I have been taking St.John's wort for about 3 weeks.. im not sure if it is helping or not...anyone else taking it?


----------



## terri* (Aug 17, 2004)

Hi Stephanie,

I think people's post tend to get lost up here. I am so sorry to hear of the situation with your daughter. I do believe this has thrown you in to some kind of emotional state, just what I cannot say.

Maybe you should post this on the main forum.

terri*


----------



## Luka (Aug 30, 2005)

I guess what happened to your daughter brought very strong feelings (feelings of which you was or was not aware) to the surface and this is resulting in your DP/DR, crying and being scared at night. Maybe you've dissociated traumatic expierences or maybe you did not. Perhaps time will tell. But don't start digging, just go with the flow and work through the things that come to you. I wish you and your daughter all the strenght to deal with this. I was molested by my grandfather too, so I know what you're going through.


----------



## Guest (Jan 15, 2006)

Luka said:


> I was molested by my grandfather too, so I know what you're going through.

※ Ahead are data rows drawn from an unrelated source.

section \<open>The l1-bound on the Voronoi cell\<close>

lemma voronoi_inequality:
  assumes "x \<in> voronoi_cell src tgt" "g \<in> int_flows src tgt"
  shows "2 * (x \<bullet> g) \<le> qf g"
proof -
  have "qf x \<le> qf (x - g)" using assms unfolding voronoi_cell_def by auto
  then show ?thesis unfolding qf_def by (simp add: inner_diff_left inner_diff_right inner_commute)
qed

text \<open>Peeling off conformal cycles, each satisfying the Voronoi inequality with
  q = l1, bounds the pairing with any integer flow by its l1-norm.\<close>
lemma voronoi_l1_bound:
  assumes x: "x \<in> voronoi_cell src tgt" and nu: "nu \<in> int_flows src tgt"
  shows "2 * (x \<bullet> nu) \<le> l1 nu"
proof -
  have "l1 nu < real n \<Longrightarrow> nu \<in> int_flows src tgt \<Longrightarrow> 2 * (x \<bullet> nu) \<le> l1 nu" for n
  proof (induction n arbitrary: nu)
    case 0
    then show ?case using l1_nonneg[of nu] by simp
  next
    case (Suc n)
    show ?case
    proof (cases "nu = 0")
      case False
      then obtain gam where gam: "gam \<in> int_flows src tgt" "qf gam = l1 gam" "1 \<le> l1 gam"
        "l1 nu = l1 gam + l1 (nu - gam)"
        using conformal_cycle[OF Suc.prems(2)] by blast
      have "2 * (x \<bullet> (nu - gam)) \<le> l1 (nu - gam)"
        using Suc.IH int_flows_diff[OF Suc.prems(2) gam(1)] Suc.prems(1) gam(3,4) by simp
      moreover have "2 * (x \<bullet> gam) \<le> l1 gam" using voronoi_inequality[OF x gam(1)] gam(2) by simp
      ultimately show ?thesis using gam(4) by (simp add: inner_diff_right)
    qed (simp add: l1_nonneg)
  qed
  moreover obtain n where "l1 nu < real n" using reals_Archimedean2 by blast
  ultimately show ?thesis using nu by blast
qed
(* Let $R(u,s)=\sqrt{u^3/3+u^2+s}$, $\rho(s)=\dfrac{5}{3s(3s+4)}$, $$P(u,s)=\tfrac{2}{15}\Bigl[u(2-u)(3+u)^2+6s(1+u)\Bigr],\qquad Q(u,s)=\rho(s)\frac{P(u,s)}{R(u,s)}.$$ Then, wherever $s\notin\{0,-4/3\}$ and $R(u,s)\neq0$ (with the same branch of $R$ used in $Q$ and on the right side), $$\frac{\partial Q}{\partial u}=\frac{1}{R(u,s)^3}-\rho(s)R(u,s).$$ Consequently, if $\mathcal{C}$ is a closed piecewise smooth curve and $s$ ranges over an open set on which no root of $u^3/3+u^2+s$ meets $\mathcal{C}$ and $R(\cdot,s)$ has a single-valued continuous branch along $\mathcal{C}$ depending analytically on $s$, then with $$J(s)=\oint_{\mathcal{C}}R(v,s)\,dv,\qquad L(s)=\oint_{\mathcal{C}}\frac{dv}{R(v,s)}$$ we have $$\frac{dJ}{ds}=\frac12 L(s),\qquad \frac{dL}{ds}=-\oint_{\mathcal{C}}\frac{dv}{2R(v,s)^3}=-\frac12\rho(s)J(s).$$ *)

theory Defs
  imports "HOL-Analysis.Analysis"
begin

definition Rsq :: "complex \<Rightarrow> complex \<Rightarrow> complex" where
  "Rsq u s = u^3/3 + u^2 + s"

definition rho :: "complex \<Rightarrow> complex" where
  "rho s = 5 / (3 * s * (3 * s + 4))"

definition Ppoly :: "complex \<Rightarrow> complex \<Rightarrow> complex" where
  "Ppoly u s = 2/15 * (u * (2 - u) * (3 + u)^2 + 6 * s * (1 + u))"

text \<open>Integral along the path g of a quantity F given as a function of the
  path parameter t (a branch "along the curve"); this is the unfolding of
  contour_integral with F t in place of f (g t).\<close>
definition pint :: "(real \<Rightarrow> complex) \<Rightarrow> (real \<Rightarrow> complex) \<Rightarrow> complex" where
  "pint g F = integral {0..1} (\<lambda>t. F t * vector_derivative g (at t within {0..1}))"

Luka, what did you do about that?


----------



## Luka (Aug 30, 2005)

I got therapy and worked through alot of things. The therapy's main focuss was my dissociative identitydisorder, but my (dissociated) trauma's got attention too. I didn't confront my grandfather. At that time I didn't want that and now I don't need it.


----------



## Guest (Jan 15, 2006)

Yeah, if you have someone (therapist?) who cares about your pain, then confronting the abuser often isn't necessary. I'm really glad to read that you've worked on your trauma, hope you continue to get better and happier.


----------



## Luka (Aug 30, 2005)

> Yeah, if you have someone (therapist?) who cares about your pain, then confronting the abuser often isn't necessary. I'm really glad to read that you've worked on your trauma, hope you continue to get better and happier.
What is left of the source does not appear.